Wireshark mailing list archives

Re: Identification of Fragmented UDP Packets


From: Guy Harris <guy () alum mit edu>
Date: Thu, 21 Jan 2010 11:40:30 -0800


On Jan 21, 2010, at 11:08 AM, Eddie wrote:

LAN IP headers:

45

Version/IHL - version 4, 20 bytes.

00

Type of Service

05 14

Total length - 1300 bytes (1280 bytes of IP payload)

05 d7

Identification - 0x05d7

20 00

Flags and Fragment Offset: More Fragments, fragment offset = 0

80

Time to Live

11

Protocol - 17=UDP

f3 f9

Header Checksum

c0 a8 00 1e

Source Address

0010   ab a1 af a0

Destination Address

0000   45

Version/IHL

00

Type of Service

03 c0

Total length - 960 bytes (940 bytes of IP payload)

05 d7

Identification - 0x05d7, same as the previous fragment (which is as it should be)

00 a0

Flags and Fragment Offset: fragment offset=160=160*8 bytes=1280 bytes (which is as it should be, as that's the length 
of the previous fragment's payload)

80

Time to Live

11

Protocol - 17=UDP

14 ae

Header Checksum

c0 a8 00 1e

Source Address - same as the previous fragment (which is as it should be)

0010   ab a1 af a0

Destination Address - same as the previous fragment (which is as it should be)

WAN IP headers

45

Version/IHL

00

Type of Service

05 dc

Total length - 1500 bytes (1480 bytes of IP payload)

36 98

Identification - 0x3698

20 00

Flags and Fragment Offset: More Fragments, fragment offset = 0

7f

Time to Live

11

Protocol - 17=UDP

a7 46

Header Checksum

62 94 7a 5c

Source Address

ab a1 af a0

Destination Address

45

Version/IHL

00

Type of Service

02 f8

Total length - 760 bytes (740 bytes of IP payload)

36 98

Identification - 0x3698, same as the previous fragment (which is as it should be)

00 b9

Flags and Fragment Offset: fragment offset = 185=185*8 bytes=1480 bytes (which is as it should be, as that's the length 
of the previous fragment's payload)

7f

Time to Live

11

Protocol - 17=UDP

c9 71

Header Checksum

62 94 7a 5c

Source Address - same as the previous fragment (which is as it should be)

ab a1 af a0

Destination Address - same as the previous fragment (which is as it should be)

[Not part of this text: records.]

(* Let $(\mathfrak g,\{\cdot,\cdot\},E)$ be a pre-ENL algebra and let $L:\mathfrak g\to\mathfrak{gl}(\mathfrak g)$, $L(x)y=\{x,y\}$. Let $\{e_1,\dots,e_n\}$ be a basis of $\mathfrak g$ with dual basis $\{e_1^*,\dots,e_n^*\}$, and set $r:=\sum_{i=1}^n(e_i\otimes e_i^*-e_i^*\otimes e_i)\in(\mathfrak g\ltimes_{L^*}\mathfrak g^* )\otimes(\mathfrak g\ltimes_{L^*}\mathfrak g^* )$. Then $r$ is an EN $r$-matrix in the semidirect product ENL algebra $(\mathfrak g\ltimes_{L^*}\mathfrak g^*,E+E^* )$, i.e. $[\![r,r]\!]=0$ and $((E+E^* )\otimes\mathrm{Id}-\mathrm{Id}\otimes(E+E^* ))(r)=0$.
   Context: All vector spaces are finite-dimensional over an algebraically closed field of characteristic zero. A pre-Lie algebra $(\mathfrak g,\{\cdot,\cdot\})$ is a vector space with bilinear product satisfying $\{\{x,y\},z\}-\{x,\{y,z\}\}=\{\{y,x\},z\}-\{y,\{x,z\}\}$; its induced (sub-adjacent) Lie bracket is $[x,y]_{\mathfrak g}=\{x,y\}-\{y,x\}$, and $L$ is a representation of this Lie algebra. A pre-ENL algebra $(\mathfrak g,\{\cdot,\cdot\},E)$ is a pre-Lie algebra with linear $E$ such that $E\{x,y\}=\{Ex,y\}=\{x,Ey\}$ for all $x,y$. The dual representation is $\langle L^*(x)\xi,y\rangle=-\langle\xi,L(x)y\rangle$, and $\mathfrak g\ltimes_{L^*}\mathfrak g^*$ is $\mathfrak g\oplus\mathfrak g^*$ with bracket $[x+\xi,y+\eta]=[x,y]_{\mathfrak g}+L^*(x)\eta-L^*(y)\xi$ and operator $(E+E^* )(x+\xi)=Ex+E^*\xi$, where $E^*$ is the dual map. For $r=\sum a_i\otimes b_i$, $[\![r,r]\!]=[r_{12},r_{13}]+[r_{13},r_{23}]+[r_{12},r_{23}]$ in the tensor cube of the universal enveloping algebra of $\mathfrak g\ltimes_{L^*}\mathfrak g^*$. *)

theory Defs
  imports Main "HOL-Computational_Algebra.Polynomial" "HOL-Library.Function_Algebras"
begin

text \<open>The algebra g is the coordinate space 'n => 'a (for a finite index type 'n),
  its dual g* is also modelled as 'n => 'a via the standard pairing.\<close>

type_synonym ('n, 'a) vec = "'n \<Rightarrow> 'a"
type_synonym ('n, 'a) sd = "('n \<Rightarrow> 'a) \<times> ('n \<Rightarrow> 'a)"

definition algebraically_closed :: "'a::field itself \<Rightarrow> bool" where
  "algebraically_closed _ \<longleftrightarrow> (\<forall>p::'a poly. 0 < degree p \<longrightarrow> (\<exists>x. poly p x = 0))"

definition smul :: "'a::field \<Rightarrow> ('n \<Rightarrow> 'a) \<Rightarrow> ('n \<Rightarrow> 'a)" where
  "smul c x = (\<lambda>j. c * x j)"

definition unitv :: "'n \<Rightarrow> ('n \<Rightarrow> 'a::field)" where
  "unitv j = (\<lambda>k. if k = j then 1 else 0)"

definition pairing :: "('n::finite \<Rightarrow> 'a::field) \<Rightarrow> ('n \<Rightarrow> 'a) \<Rightarrow> 'a" where
  "pairing xi y = (\<Sum>j\<in>UNIV. xi j * y j)"

definition is_linear :: "(('n \<Rightarrow> 'a::field) \<Rightarrow> ('n \<Rightarrow> 'a)) \<Rightarrow> bool" where
  "is_linear f \<longleftrightarrow> (\<forall>x y. f (x + y) = f x + f y) \<and> (\<forall>c x. f (smul c x) = smul c (f x))"

definition is_bilinear :: "(('n \<Rightarrow> 'a::field) \<Rightarrow> ('n \<Rightarrow> 'a) \<Rightarrow> ('n \<Rightarrow> 'a)) \<Rightarrow> bool" where
  "is_bilinear P \<longleftrightarrow>
     (\<forall>x y z. P (x + y) z = P x z + P y z) \<and> (\<forall>x y z. P x (y + z) = P x y + P x z) \<and>
     (\<forall>c x y. P (smul c x) y = smul c (P x y)) \<and> (\<forall>c x y. P x (smul c y) = smul c (P x y))"

definition pre_Lie :: "(('n \<Rightarrow> 'a::field) \<Rightarrow> ('n \<Rightarrow> 'a) \<Rightarrow> ('n \<Rightarrow> 'a)) \<Rightarrow> bool" where
  "pre_Lie P \<longleftrightarrow> is_bilinear P \<and>
     (\<forall>x y z. P (P x y) z - P x (P y z) = P (P y x) z - P y (P x z))"

definition pre_ENL :: "(('n \<Rightarrow> 'a::field) \<Rightarrow> ('n \<Rightarrow> 'a) \<Rightarrow> ('n \<Rightarrow> 'a)) \<Rightarrow> (('n \<Rightarrow> 'a) \<Rightarrow> ('n \<Rightarrow> 'a)) \<Rightarrow> bool" where
  "pre_ENL P E \<longleftrightarrow> pre_Lie P \<and> is_linear E \<and>
     (\<forall>x y. E (P x y) = P (E x) y \<and> P (E x) y = P x (E y))"

definition lie :: "(('n \<Rightarrow> 'a::field) \<Rightarrow> ('n \<Rightarrow> 'a) \<Rightarrow> ('n \<Rightarrow> 'a)) \<Rightarrow> ('n \<Rightarrow> 'a) \<Rightarrow> ('n \<Rightarrow> 'a) \<Rightarrow> ('n \<Rightarrow> 'a)" where
  "lie P x y = P x y - P y x"

text \<open>Dual representation L*: <L*(x) xi, y> = - <xi, L(x) y>, with L(x) y = {x,y}.\<close>
definition Lstar :: "(('n::finite \<Rightarrow> 'a::field) \<Rightarrow> ('n \<Rightarrow> 'a) \<Rightarrow> ('n \<Rightarrow> 'a)) \<Rightarrow> ('n \<Rightarrow> 'a) \<Rightarrow> ('n \<Rightarrow> 'a) \<Rightarrow> ('n \<Rightarrow> 'a)" where
  "Lstar P x xi = (\<lambda>j. - pairing xi (P x (unitv j)))"

definition dualmap :: "(('n::finite \<Rightarrow> 'a::field) \<Rightarrow> ('n \<Rightarrow> 'a)) \<Rightarrow> ('n \<Rightarrow> 'a) \<Rightarrow> ('n \<Rightarrow> 'a)" where
  "dualmap E xi = (\<lambda>j. pairing xi (E (unitv j)))"

definition sd_bracket :: "(('n::finite \<Rightarrow> 'a::field) \<Rightarrow> ('n \<Rightarrow> 'a) \<Rightarrow> ('n \<Rightarrow> 'a)) \<Rightarrow> ('n,'a) sd \<Rightarrow> ('n,'a) sd \<Rightarrow> ('n,'a) sd" where
  "sd_bracket P u v = (lie P (fst u) (fst v), Lstar P (fst u) (snd v) - Lstar P (fst v) (snd u))"

definition sd_op :: "(('n::finite \<Rightarrow> 'a::field) \<Rightarrow> ('n \<Rightarrow> 'a)) \<Rightarrow> ('n,'a) sd \<Rightarrow> ('n,'a) sd" where
  "sd_op E u = (E (fst u), dualmap E (snd u))"

definition coordV :: "('n,'a) sd \<Rightarrow> ('n + 'n) \<Rightarrow> 'a" where
  "coordV u p = (case p of Inl j \<Rightarrow> fst u j | Inr j \<Rightarrow> snd u j)"

definition basisV :: "('n + 'n) \<Rightarrow> ('n,'a::field) sd" where
  "basisV p = (case p of Inl j \<Rightarrow> (unitv j, 0) | Inr j \<Rightarrow> (0, unitv j))"

text \<open>Elements of V\<otimes>V and V\<otimes>V\<otimes>V are represented by their coordinate arrays.\<close>
type_synonym ('n, 'a) tensor2 = "('n + 'n) \<Rightarrow> ('n + 'n) \<Rightarrow> 'a"
type_synonym ('n, 'a) tensor3 = "('n + 'n) \<Rightarrow> ('n + 'n) \<Rightarrow> ('n + 'n) \<Rightarrow> 'a"

definition tens :: "('n,'a::field) sd \<Rightarrow> ('n,'a) sd \<Rightarrow> ('n,'a) tensor2" where
  "tens u v = (\<lambda>p q. coordV u p * coordV v q)"

definition tens3 :: "('n,'a::field) sd \<Rightarrow> ('n,'a) sd \<Rightarrow> ('n,'a) sd \<Rightarrow> ('n,'a) tensor3" where
  "tens3 u v w = (\<lambda>p q s. coordV u p * coordV v q * coordV w s)"

definition tmap2 :: "(('n::finite,'a::field) sd \<Rightarrow> ('n,'a) sd) \<Rightarrow> (('n,'a) sd \<Rightarrow> ('n,'a) sd) \<Rightarrow> ('n,'a) tensor2 \<Rightarrow> ('n,'a) tensor2" where
  "tmap2 F G R = (\<lambda>p0 q0. \<Sum>p\<in>UNIV. \<Sum>q\<in>UNIV. R p q * tens (F (basisV p)) (G (basisV q)) p0 q0)"

text \<open>[[r,r]] = [r12,r13] + [r13,r23] + [r12,r23] for r = \<Sum> R p q f_p \<otimes> f_q, i.e.
  \<Sum> R p q R s t ([f_p,f_s]\<otimes>f_q\<otimes>f_t + f_p\<otimes>f_s\<otimes>[f_q,f_t] + f_p\<otimes>[f_q,f_s]\<otimes>f_t).\<close>
definition CYB :: "(('n::finite,'a::field) sd \<Rightarrow> ('n,'a) sd \<Rightarrow> ('n,'a) sd) \<Rightarrow> ('n,'a) tensor2 \<Rightarrow> ('n,'a) tensor3" where
  "CYB br R = (\<lambda>p0 q0 s0. \<Sum>p\<in>UNIV. \<Sum>q\<in>UNIV. \<Sum>s\<in>UNIV. \<Sum>t\<in>UNIV. R p q * R s t *
      ( tens3 (br (basisV p) (basisV s)) (basisV q) (basisV t) p0 q0 s0
      + tens3 (basisV p) (basisV s) (br (basisV q) (basisV t)) p0 q0 s0
      + tens3 (basisV p) (br (basisV q) (basisV s)) (basisV t) p0 q0 s0))"

end

theory Submission
  imports Defs "HOL-Analysis.Cartesian_Space"
begin

(* The relation <e_i^*, e_j> = delta_ij makes the coefficient matrix of the e_i^* a left, hence
   also a right, inverse of that of the e_i.  So r is the canonical element
   sum_j (u_j \<otimes> u^j - u^j \<otimes> u_j) of the standard basis u_j and its dual u^j, and both
   identities become coordinate computations for this element.  In [[r,r]] only the components
   with exactly one leg in g survive, and each of them is a coordinate of
   [x,y]_g - L(x)y + L(y)x, which vanishes because the bracket of g is the commutator of L
   (id is an O-operator of the sub-adjacent Lie algebra with respect to L).  The second identity
   says sum_j E u_j \<otimes> u^j = sum_i u_i \<otimes> E^* u^i, which is the definition of E^*. *)

lemma is_bilinear_zero:
  assumes "is_bilinear P"
  shows "P x 0 = 0" "P 0 x = 0"
proof -
  have "P x (0 + 0) = P x 0 + P x 0" "P (0 + 0) x = P 0 x + P 0 x"
    using assms unfolding is_bilinear_def by blast+
  then show "P x 0 = 0" "P 0 x = 0" by simp_all
qed

lemma is_linear_zero:
  assumes "is_linear E"
  shows "E 0 = 0"
proof -
  have "E (0 + 0) = E 0 + E 0" using assms unfolding is_linear_def by blast
  then show ?thesis by simp
qed

lemma dual_basis_completeness:
  fixes e ed :: "'n::finite \<Rightarrow> 'n \<Rightarrow> 'a::field"
  assumes "\<forall>i j. pairing (ed i) (e j) = (if i = j then 1 else 0)"
  shows "(\<Sum>i\<in>UNIV. e i j * ed i k) = (if j = k then 1 else 0)"
proof -
  define A :: "'a^'n^'n" where "A = (\<chi> i k. ed i k)"
  define B :: "'a^'n^'n" where "B = (\<chi> k j. e j k)"
  have "A ** B = mat 1"
    using assms by (simp add: A_def B_def matrix_matrix_mult_def mat_def vec_eq_iff pairing_def)
  then have "B ** A = mat 1" using matrix_left_right_inverse by blast
  then have "(B ** A) $ j $ k = mat 1 $ j $ k" by simp
  then show ?thesis by (simp add: A_def B_def matrix_matrix_mult_def mat_def)
qed

lemma sum_apply: "(\<Sum>i\<in>A. f i) x = (\<Sum>i\<in>A. f i x)"
  by (induct A rule: infinite_finite_induct) auto

lemma sum_UNIV_Plus:
  "(\<Sum>p\<in>(UNIV::('n::finite + 'm::finite) set). f p) = (\<Sum>j\<in>UNIV. f (Inl j)) + (\<Sum>k\<in>UNIV. f (Inr k))"
  by (subst UNIV_Plus_UNIV[symmetric], subst sum.Plus) (auto simp: comp_def)

lemma if_zero_mult: "(if c then a else 0) * b = (if c then a * b else (0::'a::semiring_0))"
  by simp

lemma mult_if_zero: "b * (if c then a else 0) = (if c then b * a else (0::'a::semiring_0))"
  by simp

lemma sum_if_zero_const: "(\<Sum>x\<in>A. if c then f x else 0) = (if c then (\<Sum>x\<in>A. f x) else (0::'a::comm_monoid_add))"
  by simp

lemma pairing_unitv: "pairing (unitv j) v = v j"
  by (simp add: pairing_def unitv_def if_zero_mult)

lemma pairing_zero_left: "pairing 0 v = 0"
  by (simp add: pairing_def)

lemma coordV_Pair: "coordV (u, v) (Inl j) = u j" "coordV (u, v) (Inr j) = v j"
  by (simp_all add: coordV_def)

lemma coordV_basisV:
  "coordV (basisV (Inl a)) (Inl j) = (if j = a then 1 else 0)"
  "coordV (basisV (Inl a)) (Inr j) = 0"
  "coordV (basisV (Inr a)) (Inl j) = 0"
  "coordV (basisV (Inr a)) (Inr j) = (if j = a then 1 else 0)"
  by (simp_all add: coordV_def basisV_def unitv_def)

lemma sd_bracket_basisV:
  assumes "is_bilinear P"
  shows "sd_bracket P (basisV (Inl a)) (basisV (Inl b)) = (lie P (unitv a) (unitv b), 0)"
    "sd_bracket P (basisV (Inl a)) (basisV (Inr b)) = (0, \<lambda>j. - P (unitv a) (unitv j) b)"
    "sd_bracket P (basisV (Inr a)) (basisV (Inl b)) = (0, \<lambda>j. P (unitv b) (unitv j) a)"
    "sd_bracket P (basisV (Inr a)) (basisV (Inr b)) = (0, 0)"
  by (auto simp: sd_bracket_def basisV_def lie_def Lstar_def is_bilinear_zero[OF assms]
      pairing_unitv pairing_zero_left fun_eq_iff)

lemma sd_op_basisV:
  assumes "is_linear E"
  shows "sd_op E (basisV (Inl a)) = (E (unitv a), 0)"
    "sd_op E (basisV (Inr a)) = (0, \<lambda>k. E (unitv k) a)"
  by (auto simp: sd_op_def basisV_def dualmap_def pairing_unitv pairing_zero_left
      is_linear_zero[OF assms] fun_eq_iff)

definition canonical_r :: "('n, 'a::field) tensor2" where
  "canonical_r p q =
     (case (p, q) of
        (Inl j, Inr k) \<Rightarrow> if j = k then 1 else 0
      | (Inr j, Inl k) \<Rightarrow> if j = k then -1 else 0
      | _ \<Rightarrow> 0)"

lemma sum_canonical_r:
  "(\<Sum>p\<in>UNIV. \<Sum>q\<in>UNIV. canonical_r p q * X p q)
     = (\<Sum>j\<in>(UNIV::'n::finite set). X (Inl j) (Inr j)) - (\<Sum>j\<in>UNIV. (X (Inr j) (Inl j) :: 'a::field))"
  by (simp add: sum_UNIV_Plus canonical_r_def sum_negf if_zero_mult)

lemma dual_basis_r_eq_canonical_r:
  fixes e ed :: "'n::finite \<Rightarrow> 'n \<Rightarrow> 'a::field"
  assumes "\<forall>i j. pairing (ed i) (e j) = (if i = j then 1 else 0)"
  shows "(\<Sum>i\<in>UNIV. tens (e i, 0) (0, ed i) - tens (0, ed i) (e i, 0)) = canonical_r"
proof (intro ext)
  fix p q
  have "(\<Sum>i\<in>UNIV. ed i k * e i j) = (if j = k then 1 else 0)" for j k
    using dual_basis_completeness[OF assms] by (simp add: mult.commute)
  then show "(\<Sum>i\<in>UNIV. tens (e i, 0) (0, ed i) - tens (0, ed i) (e i, 0)) p q = canonical_r p q"
    using dual_basis_completeness[OF assms]
    by (cases p; cases q) (simp_all add: sum_apply tens_def coordV_def canonical_r_def sum_subtractf)
qed

lemma CYB_canonical_r:
  fixes P :: "('n::finite \<Rightarrow> 'a::field) \<Rightarrow> ('n \<Rightarrow> 'a) \<Rightarrow> ('n \<Rightarrow> 'a)"
  assumes "is_bilinear P"
  shows "CYB (sd_bracket P) canonical_r = 0"
proof (intro ext)
  fix p0 q0 s0
  show "CYB (sd_bracket P) canonical_r p0 q0 s0 = 0 p0 q0 s0"
    unfolding CYB_def mult.assoc sum_distrib_left[symmetric] sum_canonical_r
    by (cases p0; cases q0; cases s0;
        simp add: sd_bracket_basisV[OF assms] lie_def tens3_def coordV_Pair coordV_basisV
          if_zero_mult mult_if_zero sum_subtractf sum.distrib sum_if_zero_const sum_negf
          cong: if_cong)
qed

lemma tmap2_sd_op_canonical_r:
  fixes E :: "('n::finite \<Rightarrow> 'a::field) \<Rightarrow> ('n \<Rightarrow> 'a)"
  assumes "is_linear E"
  shows "tmap2 (sd_op E) id canonical_r - tmap2 id (sd_op E) canonical_r = 0"
proof (intro ext)
  fix p0 q0
  show "(tmap2 (sd_op E) id canonical_r - tmap2 id (sd_op E) canonical_r) p0 q0 = 0 p0 q0"
    unfolding tmap2_def fun_diff_def sum_canonical_r
    by (cases p0; cases q0;
        simp add: sd_op_basisV[OF assms] tens_def coordV_Pair coordV_basisV
          if_zero_mult mult_if_zero sum_subtractf sum.distrib sum_if_zero_const sum_negf
          cong: if_cong)
qed

theorem theorem7p8:
  fixes P :: "('n::finite \<Rightarrow> 'a::field_char_0) \<Rightarrow> ('n \<Rightarrow> 'a) \<Rightarrow> ('n \<Rightarrow> 'a)"
    and E :: "('n \<Rightarrow> 'a) \<Rightarrow> ('n \<Rightarrow> 'a)"
    and e ed :: "'n \<Rightarrow> ('n \<Rightarrow> 'a)"
  assumes alg_closed: "algebraically_closed TYPE('a)"
    and preENL: "pre_ENL P E"
    and basis_indep: "\<forall>c. (\<Sum>i\<in>UNIV. smul (c i) (e i)) = 0 \<longrightarrow> (\<forall>i. c i = 0)"
    and dual_basis: "\<forall>i j. pairing (ed i) (e j) = (if i = j then 1 else 0)"
  defines "r \<equiv> (\<Sum>i\<in>UNIV. tens (e i, 0) (0, ed i) - tens (0, ed i) (e i, 0))"
  shows "CYB (sd_bracket P) r = 0
       \<and> tmap2 (sd_op E) id r - tmap2 id (sd_op E) r = 0"
proof -
  have r: "r = canonical_r"
    unfolding r_def by (rule dual_basis_r_eq_canonical_r[OF dual_basis])
  have "is_bilinear P" and "is_linear E"
    using preENL unfolding pre_ENL_def pre_Lie_def by blast+
  then show ?thesis
    unfolding r using CYB_canonical_r tmap2_sd_op_canonical_r by blast
qed

end
lemma hom_inverse: "hom (inverse x) = inverse (hom x)"
proof (cases "x = 0")
  case False
  then have "hom x * hom (inverse x) = 1"
    by (simp flip: hom_mult add: hom_one)
  then show ?thesis
    by (rule inverse_unique[symmetric])
qed (simp add: hom_zero)

lemma fps_map_exp: "fps_map hom (fps_exp c) = fps_exp (hom c)"
proof -
  have "hom (c ^ n / of_nat (fact n)) = hom c ^ n / of_nat (fact n)" for n
    using hom_of_nat[of "fact n"]
    by (simp add: divide_inverse hom_mult hom_inverse hom_power)
  then show ?thesis
    by (simp add: fps_eq_iff)
qed

end

section \<open>Truncated binomial series\<close>

lemma one_minus_mult_binomial_sum:
  fixes x :: "'a::comm_ring_1"
  shows "(1 - x) * (\<Sum>j<M. of_nat ((j + Suc n) choose Suc n) * x ^ j)
       = (\<Sum>j<M. of_nat ((j + n) choose n) * x ^ j) - of_nat ((M + n) choose Suc n) * x ^ M"
proof (induction M)
  case (Suc M)
  have pascal: "(M + Suc n) choose Suc n = ((M + n) choose n) + ((M + n) choose Suc n)"
    by simp
  have "(1 - x) * (\<Sum>j<Suc M. of_nat ((j + Suc n) choose Suc n) * x ^ j)
      = (\<Sum>j<M. of_nat ((j + n) choose n) * x ^ j) - of_nat ((M + n) choose Suc n) * x ^ M
        + (1 - x) * ((of_nat ((M + n) choose n) + of_nat ((M + n) choose Suc n)) * x ^ M)"
    by (simp only: sum.lessThan_Suc distrib_left Suc.IH pascal of_nat_add)
  also have "\<dots> = (\<Sum>j<Suc M. of_nat ((j + n) choose n) * x ^ j)
      - of_nat ((Suc M + n) choose Suc n) * x ^ Suc M"
    by (simp add: algebra_simps)
  finally show ?case .
qed (simp add: binomial_eq_0)

lemma binomial_sum_truncation:
  fixes x :: "'a::comm_ring_1"
  shows "x ^ M dvd 1 - (1 - x) ^ Suc n * (\<Sum>j<M. of_nat ((j + n) choose n) * x ^ j)"
proof (induction n)
  case 0
  show ?case
    by (simp flip: one_diff_power_eq)
next
  case (Suc n)
  have split: "1 - (1 - x) ^ Suc (Suc n) * (\<Sum>j<M. of_nat ((j + Suc n) choose Suc n) * x ^ j)
      = (1 - (1 - x) ^ Suc n * (\<Sum>j<M. of_nat ((j + n) choose n) * x ^ j))
        + x ^ M * ((1 - x) ^ Suc n * of_nat ((M + n) choose Suc n))"
    unfolding power_Suc2[of "1 - x" "Suc n"] mult.assoc one_minus_mult_binomial_sum
    by (simp add: algebra_simps)
  show ?case
    unfolding split by (intro dvd_add Suc.IH dvd_triv_left)
qed

lemma shifted_binomial_sum_truncation:
  fixes x :: "'a::comm_ring_1"
  assumes "k \<le> n"
  shows "x ^ N dvd x ^ k - (1 - x) ^ Suc n * (\<Sum>m<N. of_nat ((m + n - k) choose n) * x ^ m)"
proof -
  let ?c = "\<lambda>m. of_nat ((m + n - k) choose n) * x ^ m"
  have vanish: "?c m = 0" if "m < k" for m
    using that assms by (simp add: binomial_eq_0)
  show ?thesis
  proof (cases "N \<le> k")
    case True
    then have "(\<Sum>m<N. ?c m) = 0"
      using vanish by (intro sum.neutral) auto
    then show ?thesis
      using True by (simp add: le_imp_power_dvd)
  next
    case False
    have "(\<Sum>m<N. ?c m) = (\<Sum>m<k. ?c m) + (\<Sum>m=k..<N. ?c m)"
      using False by (simp add: lessThan_atLeast0 sum.atLeastLessThan_concat)
    also have "(\<Sum>m=k..<N. ?c m) = (\<Sum>j<N - k. ?c (j + k))"
      using False sum.shift_bounds_nat_ivl[of ?c 0 k "N - k"] by (simp add: lessThan_atLeast0)
    also have "\<dots> = x ^ k * (\<Sum>j<N - k. of_nat ((j + n) choose n) * x ^ j)"
      by (simp add: sum_distrib_left power_add mult_ac)
    finally have "x ^ k - (1 - x) ^ Suc n * (\<Sum>m<N. ?c m)
        = x ^ k * (1 - (1 - x) ^ Suc n * (\<Sum>j<N - k. of_nat ((j + n) choose n) * x ^ j))"
      using vanish by (simp add: algebra_simps)
    moreover have "x ^ N = x ^ k * x ^ (N - k)"
      using False by (simp flip: power_add)
    ultimately show ?thesis
      by (metis mult_dvd_mono dvd_refl binomial_sum_truncation)
  qed
qed
lemma binary_value_greedy_digits:
  assumes "x \<in> {0..1}"
  shows "binary_value (greedy_digits x) = x"
proof -
  have "(\<lambda>k. x - (1/2::real) ^ k) \<longlonglongrightarrow> x - 0"
    by (intro tendsto_diff tendsto_const LIMSEQ_realpow_zero) auto
  then have lower: "(\<lambda>k. x - (1/2::real) ^ k) \<longlonglongrightarrow> x"
    by simp
  have "(\<lambda>k. greedy_approx x k) \<longlonglongrightarrow> x"
  proof (rule real_tendsto_sandwich[OF _ _ lower tendsto_const])
    show "\<forall>\<^sub>F k in sequentially. x - (1/2) ^ k \<le> greedy_approx x k"
      using greedy_approx_bounds[OF assms] by simp
    show "\<forall>\<^sub>F k in sequentially. greedy_approx x k \<le> x"
      using greedy_approx_bounds[OF assms] by simp
  qed
  moreover have "(\<lambda>k. greedy_approx x k) \<longlonglongrightarrow> binary_value (greedy_digits x)"
    using summable_LIMSEQ[OF summable_binary_term, of "greedy_digits x"]
    by (simp add: binary_value_def binary_partial_sum_greedy_digits)
  ultimately show ?thesis
    using LIMSEQ_unique by blast
qed

section \<open>An embedding into the first Baire class\<close>

lemma baire_one_comp_pointwise_limit:
  assumes "continuous_map baire_space euclideanreal g"
    and "\<And>k. continuous_on UNIV (\<phi> k)" and "\<And>t. (\<lambda>k. \<phi> k t) \<longlonglongrightarrow> \<psi> t"
  shows "(\<lambda>s. \<psi> (g s)) \<in> baire_one"
  unfolding baire_one_def mem_Collect_eq
proof (intro exI conjI allI)
  show "continuous_map baire_space euclideanreal (\<lambda>s. \<phi> k (g s))" for k
    using continuous_map_compose[OF assms(1), of euclideanreal "\<phi> k"] assms(2)
    by (simp add: continuous_map_iff_continuous2 o_def)
  show "(\<lambda>k. \<phi> k (g s)) \<longlonglongrightarrow> \<psi> (g s)" for s
    by (rule assms(3))
qed

definition ramp :: "nat \<Rightarrow> real \<Rightarrow> real" where
  "ramp k u = max 0 (min 1 (real k * u))"

lemma continuous_on_ramp: "continuous_on UNIV (ramp k)"
  unfolding ramp_def by (intro continuous_intros)

lemma ramp_limit: "(\<lambda>k. ramp k u) \<longlonglongrightarrow> of_bool (0 < u)"
proof (cases "0 < u")
  case True
  have "\<forall>\<^sub>F k in sequentially. ramp k u = 1"
  proof (rule eventually_sequentiallyI)
    fix k assume "nat \<lceil>1 / u\<rceil> \<le> k"
    then have "1 / u \<le> real k" by linarith
    with True have "1 \<le> real k * u"
      using mult_right_mono[of "1 / u" "real k" u] by simp
    then show "ramp k u = 1" by (simp add: ramp_def)
  qed
  with True show ?thesis by (simp add: tendsto_eventually)
next
  case False
  then have "ramp k u = 0" for k
    using mult_nonneg_nonpos[of "real k" u] by (simp add: ramp_def)
  with False show ?thesis by simp
qed

definition split_step :: "real \<times> nat \<Rightarrow> real \<Rightarrow> real" where
  "split_step p t = of_bool (t < fst p) + real (snd p) * of_bool (t = fst p)"

lemma split_step_limit:
  "(\<lambda>k. ramp k (x - t) + real i * (1 - ramp k (x - t) - ramp k (t - x))) \<longlonglongrightarrow> split_step (x, i) t"
proof -
  have "(\<lambda>k. ramp k (x - t) + real i * (1 - ramp k (x - t) - ramp k (t - x))) \<longlonglongrightarrow>
          of_bool (0 < x - t) + real i * (1 - of_bool (0 < x - t) - of_bool (0 < t - x))"
    by (intro tendsto_intros ramp_limit)
  moreover have "of_bool (0 < x - t) + real i * (1 - of_bool (0 < x - t) - of_bool (0 < t - x)) =
                 split_step (x, i) t"
  proof -
    consider "t < x" | "t = x" | "x < t" by linarith
    then show ?thesis by cases (simp_all add: split_step_def)
  qed
  ultimately show ?thesis by simp
qed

There isn't anything obvious that should cause Wireshark not to attempt reassembly, but I didn't check the IP header 
checksum - is Wireshark reporting IP checksum errors on any of the WAN packets?

Can you save just the two offending fragments from the WAN capture to a file?  If so, when you read the file in, does 
it reassemble the fragments?  If not, could you send us that capture, along with the version information from Wireshark?

Is there a way to grab the interpreted version of these.

Not with copy/paste, unfortunately.  You could use File->Export to export the dissected version of the packets as text.